Biogen and Ionis Pharmaceuticals Report Nusinersen Meets Primary Endpoint at Interim Analysis of Phase 3 ENDEAR Study in Infantile-Onset Spinal Muscular Atrophy
— Biogen Intends to File Marketing Applications for Nusinersen with Regulatory Authorities in the Coming Months —

— Biogen Exercises Option to Develop and Commercialize Nusinersen Globally —

— Companies to Host Webcast Today at 9:00 a.m.

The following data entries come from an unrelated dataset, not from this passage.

(* For every integer $n\ge1$, $$\log_2(n+1)\le \kappa(n)\le \lceil \log_2(n+1)\rceil .$$ In particular $\kappa(n)=\log_2(n+1)$ whenever $n+1$ is a power of $2$.
   Context: $\Delta_n=\{t=(t_i)_{i=1}^{n+1}: t_i\ge0,\ \sum t_i=1\}$ is the standard $n$-simplex with vertices $e_1,\dots,e_{n+1}$. A function $f:C\to\mathbb{R}$ on a convex set $C$ is approximately convex if $f(tx+(1-t)y)\le tf(x)+(1-t)f(y)+1$ for all $x,y\in C$, $t\in[0,1]$. Let $\mathcal{F}_n$ be the set of all approximately convex $f:\Delta_n\to\mathbb{R}$ with $f(e_i)\le 0$ for $1\le i\le n+1$, and $\kappa(n)=\sup_{f\in\mathcal{F}_n}\sup_{x\in\Delta_n}f(x)$. $\lceil x\rceil$ denotes the least integer $\ge x$. *)

theory Defs
  imports "HOL-Analysis.Analysis" "HOL-Library.Extended_Real"
begin

text \<open>The standard n-simplex, with points in R^(n+1) represented as functions
  nat => real supported on {0..n} (coordinates indexed 0..n instead of 1..n+1).\<close>
definition std_simplex :: "nat \<Rightarrow> (nat \<Rightarrow> real) set" where
  "std_simplex n = {t. (\<forall>i. 0 \<le> t i) \<and> (\<forall>i>n. t i = 0) \<and> (\<Sum>i\<le>n. t i) = 1}"

definition simplex_vertex :: "nat \<Rightarrow> nat \<Rightarrow> real" where
  "simplex_vertex i = (\<lambda>j. if j = i then 1 else 0)"

definition approx_convex_on :: "(nat \<Rightarrow> real) set \<Rightarrow> ((nat \<Rightarrow> real) \<Rightarrow> real) \<Rightarrow> bool" where
  "approx_convex_on C f \<longleftrightarrow>
     (\<forall>x\<in>C. \<forall>y\<in>C. \<forall>t::real. 0 \<le> t \<and> t \<le> 1 \<longrightarrow>
        f (\<lambda>i. t * x i + (1 - t) * y i) \<le> t * f x + (1 - t) * f y + 1)"

definition F_class :: "nat \<Rightarrow> ((nat \<Rightarrow> real) \<Rightarrow> real) set" where
  "F_class n = {f. approx_convex_on (std_simplex n) f \<and> (\<forall>i\<le>n. f (simplex_vertex i) \<le> 0)}"

text \<open>kappa(n) as a supremum in the extended reals (so it is a priori well defined).\<close>
definition kappa :: "nat \<Rightarrow> ereal" where
  "kappa n = (SUP f\<in>F_class n. SUP x\<in>std_simplex n. ereal (f x))"

end

theory Submission
  imports Defs
begin

(* Lower bound: the entropy in bits, x |-> - sum_i x_i log_2 x_i, lies in F_n, because
   mixing two distributions raises the entropy by at most one bit (the entropy of the coin
   choosing between them); at the barycentre it equals log_2 (n + 1).
   Upper bound: splitting the support of a point supported on at most 2^k vertices into two
   halves writes it as a convex combination of two points supported on at most 2^(k-1) vertices
   each, so approximate convexity and induction on k bound f there by k. *)

lemma mult_ln_mult:
  fixes t a :: real
  assumes "0 < t" "0 \<le> a"
  shows "(t * a) * ln (t * a) = t * (a * ln a) + a * (t * ln t)"
  using assms by (cases "a = 0") (simp_all add: ln_mult_pos algebra_simps)

lemma mult_ln_superadditive:
  fixes p q :: real
  assumes "0 \<le> p" "0 \<le> q"
  shows "p * ln p + q * ln q \<le> (p + q) * ln (p + q)"
proof (cases "p = 0 \<or> q = 0")
  case True
  then show ?thesis by auto
next
  case False
  with assms have "p * ln p \<le> p * ln (p + q)" "q * ln q \<le> q * ln (p + q)"
    by (auto intro!: mult_left_mono)
  then show ?thesis by (simp add: distrib_right)
qed

lemma mult_ln_diff_le:
  fixes p q :: real
  assumes "0 < p" "0 < q"
  shows "p * (ln q - ln p) \<le> q - p"
proof -
  have "p * ln (q / p) \<le> p * (q / p - 1)"
    using assms by (intro mult_left_mono ln_le_minus_one) auto
  then show ?thesis using assms by (simp add: ln_div right_diff_distrib)
qed

text \<open>Gibbs' inequality against the uniform distribution on two points.\<close>
lemma binary_entropy_le_ln2:
  fixes t :: real
  assumes "0 < t" "t < 1"
  shows "- (t * ln t + (1 - t) * ln (1 - t)) \<le> ln 2"
proof -
  have "t * (ln (1/2) - ln t) + (1 - t) * (ln (1/2) - ln (1 - t)) \<le> (1/2 - t) + (1/2 - (1 - t))"
    using assms by (intro add_mono mult_ln_diff_le) auto
  then show ?thesis by (simp add: ln_div algebra_simps)
qed

lemma mult_ln_convex_combination:
  fixes t a b :: real
  assumes "0 < t" "t < 1" "0 \<le> a" "0 \<le> b"
  shows "t * (a * ln a) + (1 - t) * (b * ln b) + (a * (t * ln t) + b * ((1 - t) * ln (1 - t)))
    \<le> (t * a + (1 - t) * b) * ln (t * a + (1 - t) * b)"
  using mult_ln_superadditive[of "t * a" "(1 - t) * b"] mult_ln_mult[of t a]
    mult_ln_mult[of "1 - t" b] assms
  by simp

text \<open>Since ln 0 = 0 in Isabelle, the convention 0 log 0 = 0 holds automatically.\<close>
definition entropy :: "nat \<Rightarrow> (nat \<Rightarrow> real) \<Rightarrow> real" where
  "entropy n x = - (\<Sum>i\<le>n. x i * ln (x i)) / ln 2"

lemma entropy_convex_combination:
  assumes a: "a \<in> std_simplex n" and b: "b \<in> std_simplex n" and t: "0 < t" "t < 1"
  shows "entropy n (\<lambda>i. t * a i + (1 - t) * b i) \<le> t * entropy n a + (1 - t) * entropy n b + 1"
proof -
  have a0: "\<And>i. 0 \<le> a i" and a1: "(\<Sum>i\<le>n. a i) = 1"
    and b0: "\<And>i. 0 \<le> b i" and b1: "(\<Sum>i\<le>n. b i) = 1"
    using a b by (auto simp: std_simplex_def)
  have "t * (\<Sum>i\<le>n. a i * ln (a i)) + (1 - t) * (\<Sum>i\<le>n. b i * ln (b i))
        + (t * ln t + (1 - t) * ln (1 - t))
      = (\<Sum>i\<le>n. t * (a i * ln (a i)) + (1 - t) * (b i * ln (b i))
        + (a i * (t * ln t) + b i * ((1 - t) * ln (1 - t))))"
    by (simp add: a1 b1 sum.distrib sum_distrib_left flip: sum_distrib_right)
  also have "\<dots> \<le> (\<Sum>i\<le>n. (t * a i + (1 - t) * b i) * ln (t * a i + (1 - t) * b i))"
    using t a0 b0 by (intro sum_mono mult_ln_convex_combination) auto
  finally show ?thesis
    using binary_entropy_le_ln2[OF t] unfolding entropy_def by (simp add: field_simps)
qed

lemma entropy_approx_convex: "approx_convex_on (std_simplex n) (entropy n)"
  unfolding approx_convex_on_def
proof (intro ballI allI impI)
  fix a b and t :: real
  assume "a \<in> std_simplex n" "b \<in> std_simplex n" "0 \<le> t \<and> t \<le> 1"
  then show "entropy n (\<lambda>i. t * a i + (1 - t) * b i) \<le> t * entropy n a + (1 - t) * entropy n b + 1"
    using entropy_convex_combination[of a n b t] by (cases "t = 0 \<or> t = 1") auto
qed

lemma entropy_simplex_vertex: "entropy n (simplex_vertex i) = 0"
  unfolding entropy_def by (simp add: sum.neutral simplex_vertex_def)

lemma entropy_in_F_class: "entropy n \<in> F_class n"
  by (simp add: F_class_def entropy_approx_convex entropy_simplex_vertex)

definition simplex_barycenter :: "nat \<Rightarrow> nat \<Rightarrow> real" where
  "simplex_barycenter n = (\<lambda>i. if i \<le> n then 1 / (real n + 1) else 0)"

lemma simplex_barycenter_in_std_simplex: "simplex_barycenter n \<in> std_simplex n"
  by (simp add: std_simplex_def simplex_barycenter_def)

lemma entropy_simplex_barycenter: "entropy n (simplex_barycenter n) = log 2 (real n + 1)"
proof -
  have "(\<Sum>i\<le>n. simplex_barycenter n i * ln (simplex_barycenter n i)) = - ln (real n + 1)"
    by (simp add: simplex_barycenter_def ln_div add.commute)
  then show ?thesis by (simp add: entropy_def log_def)
qed

lemma F_class_le_kappa:
  assumes "f \<in> F_class n" "x \<in> std_simplex n"
  shows "ereal (f x) \<le> kappa n"
  unfolding kappa_def using assms by (blast intro: SUP_upper2)

lemma log2_le_kappa: "ereal (log 2 (real n + 1)) \<le> kappa n"
  using F_class_le_kappa[OF entropy_in_F_class simplex_barycenter_in_std_simplex]
  by (simp add: entropy_simplex_barycenter)

lemma sum_std_simplex_support:
  assumes "x \<in> std_simplex n" "S \<subseteq> {..n}" "{i. x i \<noteq> 0} \<subseteq> S"
  shows "(\<Sum>i\<in>S. x i) = 1"
proof -
  have "(\<Sum>i\<in>S. x i) = (\<Sum>i\<le>n. x i)"
    using assms(2,3) by (intro sum.mono_neutral_left) auto
  with assms(1) show ?thesis by (simp add: std_simplex_def)
qed

lemma std_simplex_support_card_le_1:
  assumes x: "x \<in> std_simplex n" and S: "S \<subseteq> {..n}" "card S \<le> 1" "{i. x i \<noteq> 0} \<subseteq> S"
  obtains j where "j \<le> n" "x = simplex_vertex j"
proof -
  have sum_S: "(\<Sum>i\<in>S. x i) = 1" using sum_std_simplex_support[OF x S(1,3)] .
  then have "S \<noteq> {}" by auto
  with S(1,2) obtain j where "S = {j}"
    by (metis card_0_eq card_1_singletonE finite_atMost finite_subset le_Suc_eq le_zero_eq One_nat_def)
  with S sum_S have "j \<le> n" "x = simplex_vertex j"
    by (auto simp: simplex_vertex_def fun_eq_iff)
  then show thesis by (rule that)
qed

lemma std_simplex_renormalize:
  assumes x: "x \<in> std_simplex n" and A: "A \<subseteq> {..n}" and s: "s = (\<Sum>i\<in>A. x i)" "0 < s"
  shows "(\<lambda>i. if i \<in> A then x i / s else 0) \<in> std_simplex n"
proof -
  have "(\<Sum>i\<le>n. if i \<in> A then x i / s else 0) = (\<Sum>i\<in>A. x i / s)"
    using A by (simp add: sum.inter_restrict[symmetric] Int_absorb1)
  also have "\<dots> = 1" using s by (simp flip: sum_divide_distrib)
  finally show ?thesis using x A s(2) by (auto simp: std_simplex_def)
qed

lemma approx_convex_le_on_disjoint_support_Un:
  assumes f: "approx_convex_on (std_simplex n) f"
    and A: "A \<subseteq> {..n}" and B: "B \<subseteq> {..n}" and AB: "A \<inter> B = {}"
    and le_A: "\<And>y. y \<in> std_simplex n \<Longrightarrow> {i. y i \<noteq> 0} \<subseteq> A \<Longrightarrow> f y \<le> c"
    and le_B: "\<And>y. y \<in> std_simplex n \<Longrightarrow> {i. y i \<noteq> 0} \<subseteq> B \<Longrightarrow> f y \<le> c"
    and x: "x \<in> std_simplex n" "{i. x i \<noteq> 0} \<subseteq> A \<union> B"
  shows "f x \<le> c + 1"
proof -
  define s where "s = (\<Sum>i\<in>A. x i)"
  have x_nonneg: "\<And>i. 0 \<le> x i" using x(1) by (simp add: std_simplex_def)
  have fin: "finite A" "finite B" using A B finite_subset by blast+
  have sum_B: "(\<Sum>i\<in>B. x i) = 1 - s"
    using sum_std_simplex_support[OF x(1) _ x(2)] A B AB fin by (simp add: s_def sum.union_disjoint)
  have "0 \<le> s" "0 \<le> 1 - s"
    unfolding s_def sum_B[symmetric, unfolded s_def] by (simp_all add: x_nonneg sum_nonneg)
  then consider "s = 0" | "s = 1" | "0 < s" "s < 1" by linarith
  then show ?thesis
  proof cases
    case 1
    then have "{i. x i \<noteq> 0} \<subseteq> B"
      using x(2) fin x_nonneg by (auto simp: s_def sum_nonneg_eq_0_iff)
    then show ?thesis using le_B x(1) by fastforce
  next
    case 2
    then have "{i. x i \<noteq> 0} \<subseteq> A"
      using x(2) fin x_nonneg sum_B by (auto simp: sum_nonneg_eq_0_iff)
    then show ?thesis using le_A x(1) by fastforce
  next
    case 3
    define y where "y = (\<lambda>i. if i \<in> A then x i / s else 0)"
    define z where "z = (\<lambda>i. if i \<in> B then x i / (1 - s) else 0)"
    have y: "y \<in> std_simplex n" and z: "z \<in> std_simplex n"
      unfolding y_def z_def using 3 std_simplex_renormalize[OF x(1)] A B s_def sum_B by auto
    have "{i. y i \<noteq> 0} \<subseteq> A" "{i. z i \<noteq> 0} \<subseteq> B" by (auto simp: y_def z_def)
    then have "f y \<le> c" "f z \<le> c" using le_A le_B y z by auto
    have "x = (\<lambda>i. s * y i + (1 - s) * z i)"
      using 3 x(2) AB by (auto simp: y_def z_def fun_eq_iff)
    then have "f x \<le> s * f y + (1 - s) * f z + 1"
      using f y z 3 unfolding approx_convex_on_def by auto
    also have "\<dots> \<le> s * c + (1 - s) * c + 1"
      using \<open>f y \<le> c\<close> \<open>f z \<le> c\<close> 3 by (intro add_mono mult_left_mono) auto
    finally show ?thesis by (simp add: algebra_simps)
  qed
qed

lemma F_class_le_of_card_support:
  assumes f: "f \<in> F_class n"
    and "x \<in> std_simplex n" "S \<subseteq> {..n}" "card S \<le> 2 ^ k" "{i. x i \<noteq> 0} \<subseteq> S"
  shows "f x \<le> real k"
  using assms(2-)
proof (induction k arbitrary: S x)
  case 0
  then have "card S \<le> 1" by simp
  then obtain j where "j \<le> n" "x = simplex_vertex j"
    using std_simplex_support_card_le_1 "0.prems"(1,2,4) by blast
  with f show ?case by (simp add: F_class_def)
next
  case (Suc k)
  obtain A where A: "A \<subseteq> S" "card A = card S div 2" "finite A"
    by (rule obtain_subset_with_card_n[of "card S div 2" S]) auto
  then have "card (S - A) = card S - card S div 2" by (simp add: card_Diff_subset)
  with A Suc.prems(3) have card_le: "card A \<le> 2 ^ k" "card (S - A) \<le> 2 ^ k" by simp_all
  have "f x \<le> real k + 1"
  proof (rule approx_convex_le_on_disjoint_support_Un[where f = f and A = A and B = "S - A"])
    show "approx_convex_on (std_simplex n) f" using f by (simp add: F_class_def)
    show "A \<subseteq> {..n}" "S - A \<subseteq> {..n}" "A \<inter> (S - A) = {}"
      using A(1) Suc.prems(2) by auto
    show "f y \<le> real k" if "y \<in> std_simplex n" "{i. y i \<noteq> 0} \<subseteq> A" for y
      using Suc.IH[OF that(1) _ card_le(1) that(2)] A(1) Suc.prems(2) by blast
    show "f y \<le> real k" if "y \<in> std_simplex n" "{i. y i \<noteq> 0} \<subseteq> S - A" for y
      using Suc.IH[OF that(1) _ card_le(2) that(2)] Suc.prems(2) by blast
    show "x \<in> std_simplex n" "{i. x i \<noteq> 0} \<subseteq> A \<union> (S - A)"
      using Suc.prems(1,4) A(1) by auto
  qed
  then show ?case by simp
qed

lemma kappa_le_of_le_two_power:
  assumes "n + 1 \<le> 2 ^ k"
  shows "kappa n \<le> ereal (real k)"
  unfolding kappa_def
proof (intro SUP_least)
  fix f x assume "f \<in> F_class n" "x \<in> std_simplex n"
  moreover have "{i. x i \<noteq> 0} \<subseteq> {..n}"
    using \<open>x \<in> std_simplex n\<close> by (auto simp: std_simplex_def intro: leI)
  ultimately have "f x \<le> real k"
    using assms by (intro F_class_le_of_card_support[of f n x "{..n}" k]) auto
  then show "ereal (f x) \<le> ereal (real k)" by simp
qed

lemma le_two_power_ceiling_log2:
  fixes m :: nat
  assumes "0 < m"
  shows "m \<le> 2 ^ nat \<lceil>log 2 m\<rceil>"
proof -
  have "real m = 2 powr log 2 m" using assms by simp
  also have "\<dots> \<le> 2 powr real (nat \<lceil>log 2 m\<rceil>)" by (intro powr_mono) linarith+
  also have "\<dots> = 2 ^ nat \<lceil>log 2 m\<rceil>" by (simp add: powr_realpow)
  finally show ?thesis by (simp flip: of_nat_le_iff)
qed

lemma kappa_le_ceiling_log2: "kappa n \<le> ereal (real_of_int \<lceil>log 2 (real n + 1)\<rceil>)"
proof -
  have "kappa n \<le> ereal (real (nat \<lceil>log 2 (real (n + 1))\<rceil>))"
    by (intro kappa_le_of_le_two_power le_two_power_ceiling_log2) simp
  then show ?thesis by (simp add: add.commute)
qed

theorem mainTheorem2:
  fixes n :: nat
  assumes "n \<ge> 1"
  shows "ereal (log 2 (real n + 1)) \<le> kappa n
       \<and> kappa n \<le> ereal (real_of_int \<lceil>log 2 (real n + 1)\<rceil>)
       \<and> (\<forall>k::nat. n + 1 = 2 ^ k \<longrightarrow> kappa n = ereal (log 2 (real n + 1)))"
proof (intro conjI allI impI)
  show "ereal (log 2 (real n + 1)) \<le> kappa n" by (rule log2_le_kappa)
  show "kappa n \<le> ereal (real_of_int \<lceil>log 2 (real n + 1)\<rceil>)" by (rule kappa_le_ceiling_log2)
  fix k :: nat
  assume "n + 1 = 2 ^ k"
  then have "real n + 1 = 2 ^ k" by (metis of_nat_1 of_nat_add of_nat_numeral of_nat_power)
  then have "log 2 (real n + 1) = real k" by simp
  then show "kappa n = ereal (log 2 (real n + 1))"
    using log2_le_kappa[of n] kappa_le_ceiling_log2[of n] by simp
qed

end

EDT to Provide Program Update —

CAMBRIDGE, Mass. & CARLSBAD, Calif.--(BUSINESS WIRE)--Aug. 1, 2016-- Biogen (NASDAQ:BIIB) and Ionis Pharmaceuticals (NASDAQ:IONS) today announced that nusinersen, their investigational treatment for spinal muscular atrophy (SMA), met the primary endpoint pre-specified for the interim analysis of ENDEAR, the Phase 3 trial evaluating nusinersen in infantile-onset (consistent with Type 1) SMA. The analysis found that infants receiving nusinersen experienced a statistically significant improvement in the achievement of motor milestones compared to those who did not receive treatment. Nusinersen demonstrated an acceptable safety profile in the trial. As a result of these findings, Biogen has exercised its option to develop and commercialize nusinersen globally and paid Ionis a $75 million license fee. Biogen will initiate regulatory filings globally in the coming months.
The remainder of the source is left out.